■ **EXCERPTED DATA**
--- START ---

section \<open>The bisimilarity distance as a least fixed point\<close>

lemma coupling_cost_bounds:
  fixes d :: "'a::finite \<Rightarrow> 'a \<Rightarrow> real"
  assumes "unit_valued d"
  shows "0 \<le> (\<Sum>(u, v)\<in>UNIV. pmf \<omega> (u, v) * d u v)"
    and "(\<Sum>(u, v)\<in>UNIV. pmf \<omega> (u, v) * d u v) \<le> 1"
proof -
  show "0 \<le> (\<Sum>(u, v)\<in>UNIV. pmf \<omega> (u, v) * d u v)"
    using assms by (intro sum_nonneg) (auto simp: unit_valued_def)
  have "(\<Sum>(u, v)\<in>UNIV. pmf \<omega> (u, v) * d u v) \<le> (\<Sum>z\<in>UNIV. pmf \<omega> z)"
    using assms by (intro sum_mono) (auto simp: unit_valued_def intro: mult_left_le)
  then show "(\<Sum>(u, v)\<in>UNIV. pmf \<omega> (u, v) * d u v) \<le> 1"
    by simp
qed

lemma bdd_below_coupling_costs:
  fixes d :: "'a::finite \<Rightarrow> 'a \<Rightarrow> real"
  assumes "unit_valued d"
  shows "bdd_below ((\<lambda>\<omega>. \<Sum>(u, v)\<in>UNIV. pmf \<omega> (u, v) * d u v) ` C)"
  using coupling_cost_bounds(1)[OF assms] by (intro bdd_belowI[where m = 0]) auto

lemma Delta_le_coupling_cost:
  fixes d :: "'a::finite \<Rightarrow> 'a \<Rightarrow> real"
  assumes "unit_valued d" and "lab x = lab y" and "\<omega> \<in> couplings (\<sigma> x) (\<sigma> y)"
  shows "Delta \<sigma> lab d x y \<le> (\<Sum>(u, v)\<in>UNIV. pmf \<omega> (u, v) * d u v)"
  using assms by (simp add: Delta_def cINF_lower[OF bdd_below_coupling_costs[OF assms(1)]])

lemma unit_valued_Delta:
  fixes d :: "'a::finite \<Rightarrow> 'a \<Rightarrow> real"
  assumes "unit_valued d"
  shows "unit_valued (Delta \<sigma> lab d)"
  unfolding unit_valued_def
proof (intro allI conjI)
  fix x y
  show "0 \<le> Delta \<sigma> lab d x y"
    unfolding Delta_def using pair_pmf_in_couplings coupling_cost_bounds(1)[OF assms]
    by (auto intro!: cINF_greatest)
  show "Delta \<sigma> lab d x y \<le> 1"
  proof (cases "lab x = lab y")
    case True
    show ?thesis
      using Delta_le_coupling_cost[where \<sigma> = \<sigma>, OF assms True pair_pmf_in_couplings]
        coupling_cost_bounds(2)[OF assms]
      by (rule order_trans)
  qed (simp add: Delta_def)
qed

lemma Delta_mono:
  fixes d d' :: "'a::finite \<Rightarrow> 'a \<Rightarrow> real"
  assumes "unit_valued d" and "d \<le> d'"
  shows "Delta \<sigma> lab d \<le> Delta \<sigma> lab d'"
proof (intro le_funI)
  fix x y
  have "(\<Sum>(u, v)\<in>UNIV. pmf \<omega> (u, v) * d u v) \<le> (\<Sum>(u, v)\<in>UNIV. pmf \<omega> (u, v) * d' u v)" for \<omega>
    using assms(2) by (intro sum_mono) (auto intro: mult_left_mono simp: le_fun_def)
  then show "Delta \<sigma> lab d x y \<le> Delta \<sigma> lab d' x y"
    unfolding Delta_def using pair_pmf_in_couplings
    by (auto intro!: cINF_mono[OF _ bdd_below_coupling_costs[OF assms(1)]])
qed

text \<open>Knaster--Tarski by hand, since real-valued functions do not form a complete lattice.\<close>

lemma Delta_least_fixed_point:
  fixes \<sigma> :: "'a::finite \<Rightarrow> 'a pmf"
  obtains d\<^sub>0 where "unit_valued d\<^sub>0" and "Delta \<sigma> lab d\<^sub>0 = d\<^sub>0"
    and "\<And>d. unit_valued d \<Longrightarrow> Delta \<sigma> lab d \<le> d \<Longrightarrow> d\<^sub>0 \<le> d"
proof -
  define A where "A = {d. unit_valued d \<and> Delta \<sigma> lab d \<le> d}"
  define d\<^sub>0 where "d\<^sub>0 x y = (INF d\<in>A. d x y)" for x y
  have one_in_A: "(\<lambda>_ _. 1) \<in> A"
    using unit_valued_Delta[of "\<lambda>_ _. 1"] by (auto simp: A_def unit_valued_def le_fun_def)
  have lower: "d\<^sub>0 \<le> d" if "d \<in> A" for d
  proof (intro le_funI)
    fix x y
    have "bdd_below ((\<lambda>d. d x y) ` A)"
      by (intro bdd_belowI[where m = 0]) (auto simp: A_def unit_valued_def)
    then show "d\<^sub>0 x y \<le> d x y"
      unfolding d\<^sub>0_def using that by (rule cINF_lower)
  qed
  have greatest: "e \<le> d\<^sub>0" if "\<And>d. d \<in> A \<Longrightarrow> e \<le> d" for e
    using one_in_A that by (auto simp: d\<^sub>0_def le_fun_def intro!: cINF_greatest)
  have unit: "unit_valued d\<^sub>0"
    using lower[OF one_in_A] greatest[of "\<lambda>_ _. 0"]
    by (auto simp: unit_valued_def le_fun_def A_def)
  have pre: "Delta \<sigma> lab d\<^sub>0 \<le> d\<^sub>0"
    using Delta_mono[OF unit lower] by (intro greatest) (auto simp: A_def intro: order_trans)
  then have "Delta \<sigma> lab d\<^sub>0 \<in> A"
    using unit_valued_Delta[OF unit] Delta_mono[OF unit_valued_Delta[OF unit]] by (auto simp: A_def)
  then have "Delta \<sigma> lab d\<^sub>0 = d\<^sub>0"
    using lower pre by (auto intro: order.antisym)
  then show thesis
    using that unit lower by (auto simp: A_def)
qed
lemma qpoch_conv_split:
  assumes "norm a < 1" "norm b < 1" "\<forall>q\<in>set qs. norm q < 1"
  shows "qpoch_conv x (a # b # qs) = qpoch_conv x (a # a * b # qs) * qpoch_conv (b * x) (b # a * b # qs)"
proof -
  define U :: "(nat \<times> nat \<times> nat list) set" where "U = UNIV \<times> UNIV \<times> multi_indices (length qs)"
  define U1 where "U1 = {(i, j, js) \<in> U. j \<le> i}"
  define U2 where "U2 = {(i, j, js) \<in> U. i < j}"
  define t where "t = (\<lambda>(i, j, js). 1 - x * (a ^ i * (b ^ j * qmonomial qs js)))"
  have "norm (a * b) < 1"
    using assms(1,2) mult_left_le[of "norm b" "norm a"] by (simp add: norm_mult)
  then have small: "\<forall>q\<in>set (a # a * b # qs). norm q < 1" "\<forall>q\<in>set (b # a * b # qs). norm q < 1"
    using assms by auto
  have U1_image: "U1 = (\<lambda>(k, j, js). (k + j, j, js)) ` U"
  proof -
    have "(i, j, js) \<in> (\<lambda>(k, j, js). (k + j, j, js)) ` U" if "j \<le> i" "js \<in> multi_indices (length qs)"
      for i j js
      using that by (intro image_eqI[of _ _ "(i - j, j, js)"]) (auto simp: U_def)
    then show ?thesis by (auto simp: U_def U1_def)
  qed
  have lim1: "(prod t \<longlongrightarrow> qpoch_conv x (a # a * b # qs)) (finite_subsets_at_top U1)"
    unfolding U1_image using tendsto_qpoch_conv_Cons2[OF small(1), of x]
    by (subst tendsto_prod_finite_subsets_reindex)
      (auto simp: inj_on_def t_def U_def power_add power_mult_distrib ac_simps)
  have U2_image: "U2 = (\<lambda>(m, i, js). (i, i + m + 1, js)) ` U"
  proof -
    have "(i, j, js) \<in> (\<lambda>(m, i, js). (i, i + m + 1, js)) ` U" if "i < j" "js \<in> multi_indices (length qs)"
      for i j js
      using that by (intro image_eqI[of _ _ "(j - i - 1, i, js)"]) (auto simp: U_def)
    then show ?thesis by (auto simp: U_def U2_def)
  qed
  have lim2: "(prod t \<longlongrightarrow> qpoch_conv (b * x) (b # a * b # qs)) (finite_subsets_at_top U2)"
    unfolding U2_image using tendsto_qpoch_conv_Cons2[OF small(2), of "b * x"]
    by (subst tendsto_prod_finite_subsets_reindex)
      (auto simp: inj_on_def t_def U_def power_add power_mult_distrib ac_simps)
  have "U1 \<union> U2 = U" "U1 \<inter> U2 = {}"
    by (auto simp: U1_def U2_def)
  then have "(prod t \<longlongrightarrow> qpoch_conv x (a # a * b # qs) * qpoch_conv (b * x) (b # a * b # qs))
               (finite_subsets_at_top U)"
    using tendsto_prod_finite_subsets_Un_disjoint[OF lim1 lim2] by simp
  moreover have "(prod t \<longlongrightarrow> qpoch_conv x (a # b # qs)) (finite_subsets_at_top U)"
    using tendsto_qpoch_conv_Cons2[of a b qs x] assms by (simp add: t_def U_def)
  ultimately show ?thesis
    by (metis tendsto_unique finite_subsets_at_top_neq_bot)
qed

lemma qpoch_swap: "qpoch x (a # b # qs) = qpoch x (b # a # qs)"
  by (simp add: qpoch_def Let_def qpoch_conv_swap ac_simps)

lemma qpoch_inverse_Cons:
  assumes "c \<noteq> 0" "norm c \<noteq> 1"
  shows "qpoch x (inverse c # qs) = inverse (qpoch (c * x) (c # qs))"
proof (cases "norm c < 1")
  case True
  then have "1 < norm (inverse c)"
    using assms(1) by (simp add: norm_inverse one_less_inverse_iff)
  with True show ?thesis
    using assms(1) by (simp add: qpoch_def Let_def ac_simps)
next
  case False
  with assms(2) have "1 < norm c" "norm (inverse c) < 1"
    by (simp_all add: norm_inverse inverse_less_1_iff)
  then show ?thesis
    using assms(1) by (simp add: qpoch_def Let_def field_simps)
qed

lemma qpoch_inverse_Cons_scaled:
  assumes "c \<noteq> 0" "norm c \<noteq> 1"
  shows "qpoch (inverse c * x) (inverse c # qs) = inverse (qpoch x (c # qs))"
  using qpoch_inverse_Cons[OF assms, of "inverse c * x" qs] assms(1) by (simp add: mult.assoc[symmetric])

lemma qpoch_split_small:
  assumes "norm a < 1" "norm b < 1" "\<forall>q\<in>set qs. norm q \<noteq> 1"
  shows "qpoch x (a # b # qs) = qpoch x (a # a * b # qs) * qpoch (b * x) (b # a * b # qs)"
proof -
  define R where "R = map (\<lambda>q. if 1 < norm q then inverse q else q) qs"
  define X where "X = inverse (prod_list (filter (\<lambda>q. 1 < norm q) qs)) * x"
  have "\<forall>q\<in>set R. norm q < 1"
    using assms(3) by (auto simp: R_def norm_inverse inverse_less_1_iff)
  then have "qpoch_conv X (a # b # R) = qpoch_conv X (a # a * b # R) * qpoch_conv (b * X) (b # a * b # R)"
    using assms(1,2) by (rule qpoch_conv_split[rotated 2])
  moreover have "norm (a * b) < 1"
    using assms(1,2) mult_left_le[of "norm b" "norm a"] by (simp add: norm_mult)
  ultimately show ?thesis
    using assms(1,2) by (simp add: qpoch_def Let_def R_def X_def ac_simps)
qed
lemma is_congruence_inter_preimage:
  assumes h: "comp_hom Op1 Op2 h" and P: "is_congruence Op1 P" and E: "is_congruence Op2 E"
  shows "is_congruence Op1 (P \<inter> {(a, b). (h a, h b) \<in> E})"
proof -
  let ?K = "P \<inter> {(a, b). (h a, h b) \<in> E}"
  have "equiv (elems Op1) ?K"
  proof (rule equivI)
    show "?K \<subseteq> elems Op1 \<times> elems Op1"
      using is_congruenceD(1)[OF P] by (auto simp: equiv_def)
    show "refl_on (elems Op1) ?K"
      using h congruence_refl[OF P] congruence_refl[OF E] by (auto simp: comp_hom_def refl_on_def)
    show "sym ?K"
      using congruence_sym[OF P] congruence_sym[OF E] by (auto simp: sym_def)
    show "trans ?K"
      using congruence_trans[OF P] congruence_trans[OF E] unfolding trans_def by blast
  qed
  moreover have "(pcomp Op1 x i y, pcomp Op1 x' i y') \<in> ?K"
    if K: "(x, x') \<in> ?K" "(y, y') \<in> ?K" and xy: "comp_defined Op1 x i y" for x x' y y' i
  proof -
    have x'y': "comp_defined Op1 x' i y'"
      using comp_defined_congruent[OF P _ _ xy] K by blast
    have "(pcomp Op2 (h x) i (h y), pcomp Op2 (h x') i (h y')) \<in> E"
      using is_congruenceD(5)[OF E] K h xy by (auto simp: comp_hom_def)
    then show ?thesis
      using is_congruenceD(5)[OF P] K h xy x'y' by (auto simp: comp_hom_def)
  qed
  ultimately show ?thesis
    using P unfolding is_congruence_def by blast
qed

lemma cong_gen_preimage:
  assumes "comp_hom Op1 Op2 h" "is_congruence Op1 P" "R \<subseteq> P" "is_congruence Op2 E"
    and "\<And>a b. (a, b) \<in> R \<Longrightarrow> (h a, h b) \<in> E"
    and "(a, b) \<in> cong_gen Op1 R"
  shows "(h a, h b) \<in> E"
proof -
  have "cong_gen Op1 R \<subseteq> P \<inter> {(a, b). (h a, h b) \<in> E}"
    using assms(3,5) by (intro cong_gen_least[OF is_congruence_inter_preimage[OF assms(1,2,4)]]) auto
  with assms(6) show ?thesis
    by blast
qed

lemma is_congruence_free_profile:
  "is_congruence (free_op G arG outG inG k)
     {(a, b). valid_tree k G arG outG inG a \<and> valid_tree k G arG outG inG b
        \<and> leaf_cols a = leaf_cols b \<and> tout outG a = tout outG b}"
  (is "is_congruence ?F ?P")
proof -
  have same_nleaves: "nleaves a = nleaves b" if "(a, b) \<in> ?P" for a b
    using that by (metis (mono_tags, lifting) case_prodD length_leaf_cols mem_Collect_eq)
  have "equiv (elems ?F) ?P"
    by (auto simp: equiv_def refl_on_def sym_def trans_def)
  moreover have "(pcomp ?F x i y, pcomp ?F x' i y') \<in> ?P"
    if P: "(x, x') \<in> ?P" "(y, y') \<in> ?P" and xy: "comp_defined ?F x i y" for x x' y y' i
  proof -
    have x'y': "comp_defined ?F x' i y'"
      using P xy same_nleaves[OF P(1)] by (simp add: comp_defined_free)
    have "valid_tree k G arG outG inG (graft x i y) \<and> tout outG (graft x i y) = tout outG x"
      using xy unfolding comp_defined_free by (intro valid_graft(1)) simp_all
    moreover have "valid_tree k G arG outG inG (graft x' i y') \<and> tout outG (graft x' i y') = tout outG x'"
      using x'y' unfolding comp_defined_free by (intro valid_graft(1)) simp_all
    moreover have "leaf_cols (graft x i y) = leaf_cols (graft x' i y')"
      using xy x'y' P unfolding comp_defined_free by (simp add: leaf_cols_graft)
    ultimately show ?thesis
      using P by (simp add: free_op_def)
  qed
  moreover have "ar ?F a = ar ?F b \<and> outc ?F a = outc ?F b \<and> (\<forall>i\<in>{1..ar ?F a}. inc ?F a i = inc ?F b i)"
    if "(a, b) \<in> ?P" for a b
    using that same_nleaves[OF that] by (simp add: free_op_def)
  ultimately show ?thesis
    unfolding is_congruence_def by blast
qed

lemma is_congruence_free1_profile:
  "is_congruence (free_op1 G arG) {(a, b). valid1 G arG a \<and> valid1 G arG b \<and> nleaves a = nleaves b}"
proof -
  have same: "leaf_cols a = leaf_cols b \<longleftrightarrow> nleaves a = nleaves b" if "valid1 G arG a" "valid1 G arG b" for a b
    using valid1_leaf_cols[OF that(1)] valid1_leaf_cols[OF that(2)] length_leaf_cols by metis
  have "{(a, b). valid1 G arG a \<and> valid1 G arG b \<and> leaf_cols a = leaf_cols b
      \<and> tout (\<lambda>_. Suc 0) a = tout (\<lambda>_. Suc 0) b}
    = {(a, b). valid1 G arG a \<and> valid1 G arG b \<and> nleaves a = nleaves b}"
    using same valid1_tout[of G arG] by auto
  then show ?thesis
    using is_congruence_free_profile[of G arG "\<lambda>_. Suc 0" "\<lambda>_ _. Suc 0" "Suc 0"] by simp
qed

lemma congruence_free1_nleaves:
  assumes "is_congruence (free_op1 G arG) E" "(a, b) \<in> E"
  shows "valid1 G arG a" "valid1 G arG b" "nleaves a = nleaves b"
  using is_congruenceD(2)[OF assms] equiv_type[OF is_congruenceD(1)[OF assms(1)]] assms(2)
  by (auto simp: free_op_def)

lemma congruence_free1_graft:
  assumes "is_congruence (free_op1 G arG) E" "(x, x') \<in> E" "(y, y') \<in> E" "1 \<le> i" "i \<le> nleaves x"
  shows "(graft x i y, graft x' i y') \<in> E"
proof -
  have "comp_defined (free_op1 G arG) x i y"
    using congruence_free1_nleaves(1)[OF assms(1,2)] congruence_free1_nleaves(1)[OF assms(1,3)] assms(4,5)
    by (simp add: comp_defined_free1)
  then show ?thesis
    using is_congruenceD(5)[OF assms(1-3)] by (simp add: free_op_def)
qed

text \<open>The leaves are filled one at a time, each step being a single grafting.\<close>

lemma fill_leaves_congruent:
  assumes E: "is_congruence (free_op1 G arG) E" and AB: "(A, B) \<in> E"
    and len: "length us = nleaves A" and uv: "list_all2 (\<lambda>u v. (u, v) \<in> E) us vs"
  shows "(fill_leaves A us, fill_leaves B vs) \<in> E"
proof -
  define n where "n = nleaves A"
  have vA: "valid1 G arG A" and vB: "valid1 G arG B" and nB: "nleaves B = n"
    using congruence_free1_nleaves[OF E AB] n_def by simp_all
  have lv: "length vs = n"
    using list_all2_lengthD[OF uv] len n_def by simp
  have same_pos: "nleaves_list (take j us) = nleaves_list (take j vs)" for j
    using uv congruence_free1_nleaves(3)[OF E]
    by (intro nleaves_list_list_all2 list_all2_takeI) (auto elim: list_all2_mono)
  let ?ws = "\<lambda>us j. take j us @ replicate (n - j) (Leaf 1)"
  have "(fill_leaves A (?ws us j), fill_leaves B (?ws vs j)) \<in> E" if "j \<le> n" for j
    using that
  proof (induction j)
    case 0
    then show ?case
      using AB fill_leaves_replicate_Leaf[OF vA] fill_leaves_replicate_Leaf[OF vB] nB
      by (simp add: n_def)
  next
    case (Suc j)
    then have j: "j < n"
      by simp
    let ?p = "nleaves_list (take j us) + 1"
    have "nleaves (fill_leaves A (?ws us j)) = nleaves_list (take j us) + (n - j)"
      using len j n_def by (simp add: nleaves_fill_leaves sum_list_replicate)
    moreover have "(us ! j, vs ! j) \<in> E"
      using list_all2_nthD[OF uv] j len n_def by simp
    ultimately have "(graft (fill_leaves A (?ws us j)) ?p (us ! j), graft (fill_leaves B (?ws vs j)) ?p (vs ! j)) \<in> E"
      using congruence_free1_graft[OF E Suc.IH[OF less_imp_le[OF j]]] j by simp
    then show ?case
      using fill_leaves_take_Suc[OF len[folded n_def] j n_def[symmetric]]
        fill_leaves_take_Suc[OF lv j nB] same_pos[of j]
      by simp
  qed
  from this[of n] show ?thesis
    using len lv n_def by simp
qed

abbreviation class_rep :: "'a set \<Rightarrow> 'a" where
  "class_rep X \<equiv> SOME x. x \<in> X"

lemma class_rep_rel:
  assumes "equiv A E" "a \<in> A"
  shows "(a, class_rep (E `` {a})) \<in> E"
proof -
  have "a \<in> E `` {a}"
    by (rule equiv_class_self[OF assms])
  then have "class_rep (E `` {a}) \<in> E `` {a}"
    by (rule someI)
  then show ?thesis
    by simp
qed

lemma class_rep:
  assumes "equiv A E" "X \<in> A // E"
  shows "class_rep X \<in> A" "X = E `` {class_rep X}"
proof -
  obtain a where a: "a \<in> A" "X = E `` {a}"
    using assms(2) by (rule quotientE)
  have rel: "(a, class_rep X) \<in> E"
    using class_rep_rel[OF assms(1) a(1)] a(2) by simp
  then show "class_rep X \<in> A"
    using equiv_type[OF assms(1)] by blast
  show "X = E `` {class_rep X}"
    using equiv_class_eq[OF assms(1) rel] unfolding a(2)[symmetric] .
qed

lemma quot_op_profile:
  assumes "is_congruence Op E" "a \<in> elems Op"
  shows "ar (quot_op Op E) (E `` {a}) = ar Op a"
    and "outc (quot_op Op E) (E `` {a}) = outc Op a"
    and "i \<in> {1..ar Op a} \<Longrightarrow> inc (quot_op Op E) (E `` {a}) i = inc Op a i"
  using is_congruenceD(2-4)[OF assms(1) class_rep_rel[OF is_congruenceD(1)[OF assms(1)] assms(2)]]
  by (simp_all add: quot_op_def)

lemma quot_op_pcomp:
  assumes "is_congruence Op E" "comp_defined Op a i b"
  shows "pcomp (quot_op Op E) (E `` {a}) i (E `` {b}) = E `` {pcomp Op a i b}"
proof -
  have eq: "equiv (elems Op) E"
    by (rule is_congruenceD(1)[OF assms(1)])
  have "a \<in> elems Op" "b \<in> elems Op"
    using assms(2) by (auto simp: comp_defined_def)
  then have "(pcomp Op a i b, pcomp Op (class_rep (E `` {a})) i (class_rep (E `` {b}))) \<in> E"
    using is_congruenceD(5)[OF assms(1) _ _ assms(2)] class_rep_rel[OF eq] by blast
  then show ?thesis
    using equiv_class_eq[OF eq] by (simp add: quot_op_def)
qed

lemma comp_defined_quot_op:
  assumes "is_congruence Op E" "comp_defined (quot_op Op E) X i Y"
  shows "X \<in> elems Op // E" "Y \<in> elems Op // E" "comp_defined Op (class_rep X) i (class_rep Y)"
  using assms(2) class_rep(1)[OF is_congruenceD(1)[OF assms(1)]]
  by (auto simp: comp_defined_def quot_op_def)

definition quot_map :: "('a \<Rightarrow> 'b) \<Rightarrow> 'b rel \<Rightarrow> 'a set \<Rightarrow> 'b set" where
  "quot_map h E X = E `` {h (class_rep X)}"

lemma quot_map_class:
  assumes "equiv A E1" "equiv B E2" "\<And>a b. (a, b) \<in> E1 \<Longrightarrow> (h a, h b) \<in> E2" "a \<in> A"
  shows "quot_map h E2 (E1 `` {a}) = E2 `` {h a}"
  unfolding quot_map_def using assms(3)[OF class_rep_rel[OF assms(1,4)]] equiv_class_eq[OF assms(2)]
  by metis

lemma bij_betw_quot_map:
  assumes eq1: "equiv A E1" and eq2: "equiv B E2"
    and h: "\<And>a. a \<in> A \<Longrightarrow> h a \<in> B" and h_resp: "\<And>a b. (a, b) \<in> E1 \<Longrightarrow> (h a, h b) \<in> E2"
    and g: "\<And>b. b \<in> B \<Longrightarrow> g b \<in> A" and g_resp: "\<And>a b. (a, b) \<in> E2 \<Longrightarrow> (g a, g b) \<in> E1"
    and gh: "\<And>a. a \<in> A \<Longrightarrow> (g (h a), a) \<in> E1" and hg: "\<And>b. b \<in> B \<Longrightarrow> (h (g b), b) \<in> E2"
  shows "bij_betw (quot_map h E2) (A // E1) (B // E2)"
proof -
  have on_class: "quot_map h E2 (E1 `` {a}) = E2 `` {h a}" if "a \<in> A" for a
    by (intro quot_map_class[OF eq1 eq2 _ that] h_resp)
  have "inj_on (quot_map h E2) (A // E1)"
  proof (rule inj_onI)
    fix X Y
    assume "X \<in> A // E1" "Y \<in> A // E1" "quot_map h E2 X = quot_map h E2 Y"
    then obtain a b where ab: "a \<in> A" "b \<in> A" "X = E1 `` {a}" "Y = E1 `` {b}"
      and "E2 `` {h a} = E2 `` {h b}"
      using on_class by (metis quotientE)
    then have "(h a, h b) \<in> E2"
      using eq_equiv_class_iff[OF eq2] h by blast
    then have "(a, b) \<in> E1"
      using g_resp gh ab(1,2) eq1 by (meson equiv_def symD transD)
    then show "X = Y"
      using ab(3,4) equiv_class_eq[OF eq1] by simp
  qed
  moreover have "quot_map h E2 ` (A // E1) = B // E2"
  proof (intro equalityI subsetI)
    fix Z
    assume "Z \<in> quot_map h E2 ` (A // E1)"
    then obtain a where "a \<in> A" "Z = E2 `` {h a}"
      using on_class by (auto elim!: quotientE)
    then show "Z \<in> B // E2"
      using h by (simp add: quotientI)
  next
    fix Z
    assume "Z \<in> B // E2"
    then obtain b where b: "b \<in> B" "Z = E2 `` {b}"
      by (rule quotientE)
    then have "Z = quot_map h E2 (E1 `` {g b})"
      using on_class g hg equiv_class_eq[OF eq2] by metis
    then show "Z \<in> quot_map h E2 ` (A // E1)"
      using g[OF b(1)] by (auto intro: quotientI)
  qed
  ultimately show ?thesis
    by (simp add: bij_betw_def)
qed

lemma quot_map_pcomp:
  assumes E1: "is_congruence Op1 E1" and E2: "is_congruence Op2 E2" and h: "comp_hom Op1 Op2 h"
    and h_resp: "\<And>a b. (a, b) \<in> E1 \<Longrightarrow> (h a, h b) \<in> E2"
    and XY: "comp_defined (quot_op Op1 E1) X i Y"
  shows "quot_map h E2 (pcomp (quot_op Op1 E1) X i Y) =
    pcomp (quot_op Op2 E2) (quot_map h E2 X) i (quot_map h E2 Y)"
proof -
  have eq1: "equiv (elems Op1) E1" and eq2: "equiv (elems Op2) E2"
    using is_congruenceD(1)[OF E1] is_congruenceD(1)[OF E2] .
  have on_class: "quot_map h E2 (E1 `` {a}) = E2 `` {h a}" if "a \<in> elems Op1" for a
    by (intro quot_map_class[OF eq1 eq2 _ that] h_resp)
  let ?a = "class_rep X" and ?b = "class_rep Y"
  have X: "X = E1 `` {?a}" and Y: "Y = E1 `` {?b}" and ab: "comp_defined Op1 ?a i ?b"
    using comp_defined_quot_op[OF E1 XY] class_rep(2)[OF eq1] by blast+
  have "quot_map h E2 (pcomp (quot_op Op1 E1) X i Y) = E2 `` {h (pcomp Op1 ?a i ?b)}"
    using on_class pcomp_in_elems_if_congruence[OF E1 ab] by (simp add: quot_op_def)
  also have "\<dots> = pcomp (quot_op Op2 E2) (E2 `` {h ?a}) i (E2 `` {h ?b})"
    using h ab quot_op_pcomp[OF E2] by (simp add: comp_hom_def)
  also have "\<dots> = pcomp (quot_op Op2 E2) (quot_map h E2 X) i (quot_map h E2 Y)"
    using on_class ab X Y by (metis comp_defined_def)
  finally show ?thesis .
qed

--- END ---

Within the material above, copy exactly the lines from the line that holds "text \<open>Knaster--Tarski by" up to and including the line that holds "qs. norm q <".

■ **RESPONSE**
text \<open>Knaster--Tarski by hand, since real-valued functions do not form a complete lattice.\<close>

lemma Delta_least_fixed_point:
  fixes \<sigma> :: "'a::finite \<Rightarrow> 'a pmf"
  obtains d\<^sub>0 where "unit_valued d\<^sub>0" and "Delta \<sigma> lab d\<^sub>0 = d\<^sub>0"
    and "\<And>d. unit_valued d \<Longrightarrow> Delta \<sigma> lab d \<le> d \<Longrightarrow> d\<^sub>0 \<le> d"
proof -
  define A where "A = {d. unit_valued d \<and> Delta \<sigma> lab d \<le> d}"
  define d\<^sub>0 where "d\<^sub>0 x y = (INF d\<in>A. d x y)" for x y
  have one_in_A: "(\<lambda>_ _. 1) \<in> A"
    using unit_valued_Delta[of "\<lambda>_ _. 1"] by (auto simp: A_def unit_valued_def le_fun_def)
  have lower: "d\<^sub>0 \<le> d" if "d \<in> A" for d
  proof (intro le_funI)
    fix x y
    have "bdd_below ((\<lambda>d. d x y) ` A)"
      by (intro bdd_belowI[where m = 0]) (auto simp: A_def unit_valued_def)
    then show "d\<^sub>0 x y \<le> d x y"
      unfolding d\<^sub>0_def using that by (rule cINF_lower)
  qed
  have greatest: "e \<le> d\<^sub>0" if "\<And>d. d \<in> A \<Longrightarrow> e \<le> d" for e
    using one_in_A that by (auto simp: d\<^sub>0_def le_fun_def intro!: cINF_greatest)
  have unit: "unit_valued d\<^sub>0"
    using lower[OF one_in_A] greatest[of "\<lambda>_ _. 0"]
    by (auto simp: unit_valued_def le_fun_def A_def)
  have pre: "Delta \<sigma> lab d\<^sub>0 \<le> d\<^sub>0"
    using Delta_mono[OF unit lower] by (intro greatest) (auto simp: A_def intro: order_trans)
  then have "Delta \<sigma> lab d\<^sub>0 \<in> A"
    using unit_valued_Delta[OF unit] Delta_mono[OF unit_valued_Delta[OF unit]] by (auto simp: A_def)
  then have "Delta \<sigma> lab d\<^sub>0 = d\<^sub>0"
    using lower pre by (auto intro: order.antisym)
  then show thesis
    using that unit lower by (auto simp: A_def)
qed
lemma qpoch_conv_split:
  assumes "norm a < 1" "norm b < 1" "\<forall>q\<in>set qs. norm q < 1"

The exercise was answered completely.